— Problem to solve —
Starting at the line with "mt = \<kappa>" and going on through the line with "mt1), 0) < 2", reproduce each line in the records below exactly and nothing more.

########################################

lemma sim_run_middle:
  assumes answers: "set (answers f x) \<subseteq> {..<2 ^ w}"
  shows "alg_run sim_step (sim_query_step f) \<kappa> (x, 0, replicate \<kappa> 0)
    = (query_perm target_query (\<lambda>s. \<rho> s (answers f x)) x, 0, negate_hd w (answers f x))"
proof -
  let ?v = "answers f x"
  define t where "t = \<kappa> - 1"
  have t: "t < \<kappa>" and Suc_t: "Suc t = \<kappa>" using \<kappa>_pos by (simp_all add: t_def)
  let ?ds = "replicate (\<kappa> - t) 0 @ take t ?v"
  have "sim_query_step f (alg_run sim_step (sim_query_step f) t (x, 0, replicate \<kappa> 0))
      = sim_query_step f (x, t, ?ds)"
    by (simp only: sim_run_compute[OF answers t])
  also have "\<dots> = (x, t, (hd ?ds + ?v ! t) mod 2 ^ w # tl ?ds)"
    using t by (intro sim_query_step_answers) simp_all
  finally have step: "sim_query_step f (alg_run sim_step (sim_query_step f) t (x, 0, replicate \<kappa> 0))
      = (x, t, (hd ?ds + ?v ! t) mod 2 ^ w # tl ?ds)" .
  have "rotate1 ((hd ?ds + ?v ! t) mod 2 ^ w # tl ?ds) = ?v"
    using rotate1_fill_register[of t ?v w] answers_nth_less[OF answers t] t Suc_t by simp
  moreover have "alg_run sim_step (sim_query_step f) \<kappa> (x, 0, replicate \<kappa> 0)
      = sim_step \<kappa> (sim_query_step f (alg_run sim_step (sim_query_step f) t (x, 0, replicate \<kappa> 0)))"
    using alg_run.simps(2)[of sim_step "sim_query_step f" t] Suc_t by simp
  ultimately show ?thesis
    using \<kappa>_pos Suc_t by (simp add: step sim_step_def cycle_succ_def)
qed

lemma sim_run_uncompute:
  assumes answers: "set (answers f x) \<subseteq> {..<2 ^ w}" and "t \<le> \<kappa>"
  shows "alg_run sim_step (sim_query_step f) (\<kappa> + t) (x, 0, replicate \<kappa> 0)
    = (query_perm target_query (\<lambda>s. \<rho> s (answers f x)) x, t mod \<kappa>,
       negate_hd w (drop t (answers f x) @ replicate t 0))"
  using \<open>t \<le> \<kappa>\<close>
proof (induction t)
  case 0
  show ?case using sim_run_middle[OF answers] by simp
next
  case (Suc t)
  let ?v = "answers f x"
  let ?y = "query_perm target_query (\<lambda>s. \<rho> s ?v) x"
  let ?ds = "negate_hd w (drop t ?v @ replicate t 0)"
  have t: "t < \<kappa>" using Suc.prems by simp
  have ds: "?ds = (2 ^ w - ?v ! t) mod 2 ^ w # drop (Suc t) ?v @ replicate t 0"
    using t by (simp add: Cons_nth_drop_Suc[symmetric])
  have "target_index ?y = target_index x"
    unfolding target_index_def by (rule query_perm_div[OF target_layout])
  then have "sim_query_step f (?y, t, ?ds) = (?y, t, (hd ?ds + ?v ! t) mod 2 ^ w # tl ?ds)"
    using t ds by (intro sim_query_step_answers) simp_all
  moreover have "rotate1 ((hd ?ds + ?v ! t) mod 2 ^ w # tl ?ds) = drop (Suc t) ?v @ replicate (Suc t) 0"
    using rotate1_clear_register[of t ?v w] answers_nth_less[OF answers t] t by simp
  ultimately show ?case
    using Suc t by (simp add: sim_step_def cycle_succ_def)
qed

lemma sim_run:
  assumes "set (answers f x) \<subseteq> {..<2 ^ w}"
  shows "alg_run sim_step (sim_query_step f) (2 * \<kappa>) (x, 0, replicate \<kappa> 0)
    = (query_perm target_query (\<lambda>s. \<rho> s (answers f x)) x, 0, replicate \<kappa> 0)"
  using sim_run_uncompute[OF assms, of \<kappa>] by (simp add: mult_2)

lemma pad_ket_eq_unit_vec_state_index:
  assumes "y < 2 ^ mt"
  shows "pad (sim_qubits - mt) (ket (2 ^ mt) y) = unit_vec (2 ^ sim_qubits) (state_index (y, 0, replicate \<kappa> 0))"
proof -
  have "sim_qubits - mt = \<kappa> + w * \<kappa>" and "2 ^ mt * 2 ^ (\<kappa> + w * \<kappa>) = (2::nat) ^ sim_qubits"
    by (simp_all add: sim_qubits_def power_add)
  then show ?thesis
    using assms by (simp add: ket_def pad_unit_vec state_index_def tensor_index_def)
qed

lemma sim_alg_pad_ket:
  assumes "x < 2 ^ mt" and "set (answers f x) \<subseteq> {..<2 ^ w}"
  shows "alg_mat sim_alg f *\<^sub>v pad (sim_qubits - mt) (ket (2 ^ mt) x)
    = pad (sim_qubits - mt) (ket (2 ^ mt) (query_perm target_query (\<lambda>s. \<rho> s (answers f x)) x))"
proof -
  have "(x, 0, replicate \<kappa> 0) \<in> sim_states"
    using assms(1) \<kappa>_pos by (simp add: sim_states_def registers_def)
  moreover have "query_perm target_query (\<lambda>s. \<rho> s (answers f x)) x < 2 ^ mt"
    using bij_betw_apply[OF bij_betw_query_perm[OF target_layout]] assms(1) by simp
  ultimately show ?thesis
    using assms by (simp add: pad_ket_eq_unit_vec_state_index alg_mat_sim_alg_unit_vec sim_run)
qed

lemma is_query_sim_query:
  assumes target: "is_query Dt Kt target_query" and \<eta>: "\<forall>j<\<kappa>. \<eta> j \<in> Dt \<rightarrow> D"
    and \<beta>: "\<beta> \<in> K \<rightarrow> {..<2 ^ w}" and w: "1 \<le> w"
  shows "is_query D K sim_query"
proof -
  let ?Z = "{i. i < 2 ^ (mt + \<kappa>) \<and> target_index (i div 2 ^ \<kappa>) \<in> Zt \<and> i mod 2 ^ \<kappa> < \<kappa>}"
  from target have Zt: "Zt \<noteq> {}" "Zt \<subseteq> {..<2 ^ mt1}" and \<tau>t: "\<tau>t \<in> Zt \<rightarrow> Dt"
    by (simp_all add: is_query_def)
  then obtain i where i: "i \<in> Zt" "i < 2 ^ mt1" by blast
  have "i * 2 ^ (mt - mt1) < 2 ^ mt1 * 2 ^ (mt - mt1)" using i by simp
  also have "\<dots> = 2 ^ mt" using target_layout by (simp flip: power_add)
  finally have "tensor_index \<kappa> (i * 2 ^ (mt - mt1), 0) < 2 ^ (mt + \<kappa>)"
    by (intro tensor_index_less) simp_all
  then have "tensor_index \<kappa> (i * 2 ^ (mt - mt1), 0) \<in> ?Z"
    using i \<kappa>_pos by (simp add: target_index_def)
  then have "?Z \<noteq> {}" by blast
  moreover have "?Z \<subseteq> {..<2 ^ (mt + \<kappa>)}" by auto
  moreover have "(\<lambda>i. \<eta> (i mod 2 ^ \<kappa>) (\<tau>t (target_index (i div 2 ^ \<kappa>)))) \<in> ?Z \<rightarrow> D"
  proof
    fix i assume i: "i \<in> ?Z"
    then have "\<tau>t (target_index (i div 2 ^ \<kappa>)) \<in> Dt" by (intro funcset_mem[OF \<tau>t]) simp
    moreover have "\<eta> (i mod 2 ^ \<kappa>) \<in> Dt \<rightarrow> D" using \<eta> i by simp
    ultimately show "\<eta> (i mod 2 ^ \<kappa>) (\<tau>t (target_index (i div 2 ^ \<kappa>))) \<in> D"
      by (rule funcset_mem[rotated])
  qed
  moreover have "1 \<le> sim_qubits" and "1 \<le> mt + \<kappa>" using \<kappa>_pos by (simp_all add: sim_qubits_def)
  ultimately show ?thesis
    using sim_query_layout \<beta> w unfolding is_query_def sim_query_def prod.case by blast
qed

lemma m_alg_sim_alg [simp]: "m_alg sim_alg = sim_qubits"
  by (simp add: m_alg_def sim_alg_def)

lemma is_alg_sim_alg: "is_query D K sim_query \<Longrightarrow> is_alg D K sim_alg"
  by (auto simp: is_alg_def sim_alg_def unitary_perm_mat bij_betw_sim_perm)

lemma set_answers_subset:
  assumes f: "f \<in> D \<rightarrow>\<^sub>E K" and \<eta>: "\<forall>j<\<kappa>. \<eta> j \<in> Dt \<rightarrow> D" and \<beta>: "\<beta> \<in> K \<rightarrow> {..<2 ^ w}"
    and \<tau>t: "\<tau>t \<in> Zt \<rightarrow> Dt"
  shows "set (answers f x) \<subseteq> {..<2 ^ w}"
proof -
  have "\<beta> (f (\<eta> j (\<tau>t (target_index x)))) < 2 ^ w" if "target_index x \<in> Zt" and "j < \<kappa>" for j
  proof -
    have "\<eta> j \<in> Dt \<rightarrow> D" using \<eta> that(2) by simp
    then have "\<eta> j (\<tau>t (target_index x)) \<in> D" using funcset_mem[OF \<tau>t that(1)] by (rule funcset_mem)
    then have "f (\<eta> j (\<tau>t (target_index x))) \<in> K" using f by (rule PiE_mem[rotated])
    then have "\<beta> (f (\<eta> j (\<tau>t (target_index x)))) \<in> {..<2 ^ w}" by (rule funcset_mem[OF \<beta>])
    then show ?thesis by simp
  qed
  then show ?thesis by (auto simp: answers_def)
qed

########################################

— Final answer —
  have "sim_qubits - mt = \<kappa> + w * \<kappa>" and "2 ^ mt * 2 ^ (\<kappa> + w * \<kappa>) = (2::nat) ^ sim_qubits"
    by (simp_all add: sim_qubits_def power_add)
  then show ?thesis
    using assms by (simp add: ket_def pad_unit_vec state_index_def tensor_index_def)
qed

lemma sim_alg_pad_ket:
  assumes "x < 2 ^ mt" and "set (answers f x) \<subseteq> {..<2 ^ w}"
  shows "alg_mat sim_alg f *\<^sub>v pad (sim_qubits - mt) (ket (2 ^ mt) x)
    = pad (sim_qubits - mt) (ket (2 ^ mt) (query_perm target_query (\<lambda>s. \<rho> s (answers f x)) x))"
proof -
  have "(x, 0, replicate \<kappa> 0) \<in> sim_states"
    using assms(1) \<kappa>_pos by (simp add: sim_states_def registers_def)
  moreover have "query_perm target_query (\<lambda>s. \<rho> s (answers f x)) x < 2 ^ mt"
    using bij_betw_apply[OF bij_betw_query_perm[OF target_layout]] assms(1) by simp
  ultimately show ?thesis
    using assms by (simp add: pad_ket_eq_unit_vec_state_index alg_mat_sim_alg_unit_vec sim_run)
qed

lemma is_query_sim_query:
  assumes target: "is_query Dt Kt target_query" and \<eta>: "\<forall>j<\<kappa>. \<eta> j \<in> Dt \<rightarrow> D"
    and \<beta>: "\<beta> \<in> K \<rightarrow> {..<2 ^ w}" and w: "1 \<le> w"
  shows "is_query D K sim_query"
proof -
  let ?Z = "{i. i < 2 ^ (mt + \<kappa>) \<and> target_index (i div 2 ^ \<kappa>) \<in> Zt \<and> i mod 2 ^ \<kappa> < \<kappa>}"
  from target have Zt: "Zt \<noteq> {}" "Zt \<subseteq> {..<2 ^ mt1}" and \<tau>t: "\<tau>t \<in> Zt \<rightarrow> Dt"
    by (simp_all add: is_query_def)
  then obtain i where i: "i \<in> Zt" "i < 2 ^ mt1" by blast
  have "i * 2 ^ (mt - mt1) < 2 ^ mt1 * 2 ^ (mt - mt1)" using i by simp
  also have "\<dots> = 2 ^ mt" using target_layout by (simp flip: power_add)
  finally have "tensor_index \<kappa> (i * 2 ^ (mt - mt1), 0) < 2 ^ (mt + \<kappa>)"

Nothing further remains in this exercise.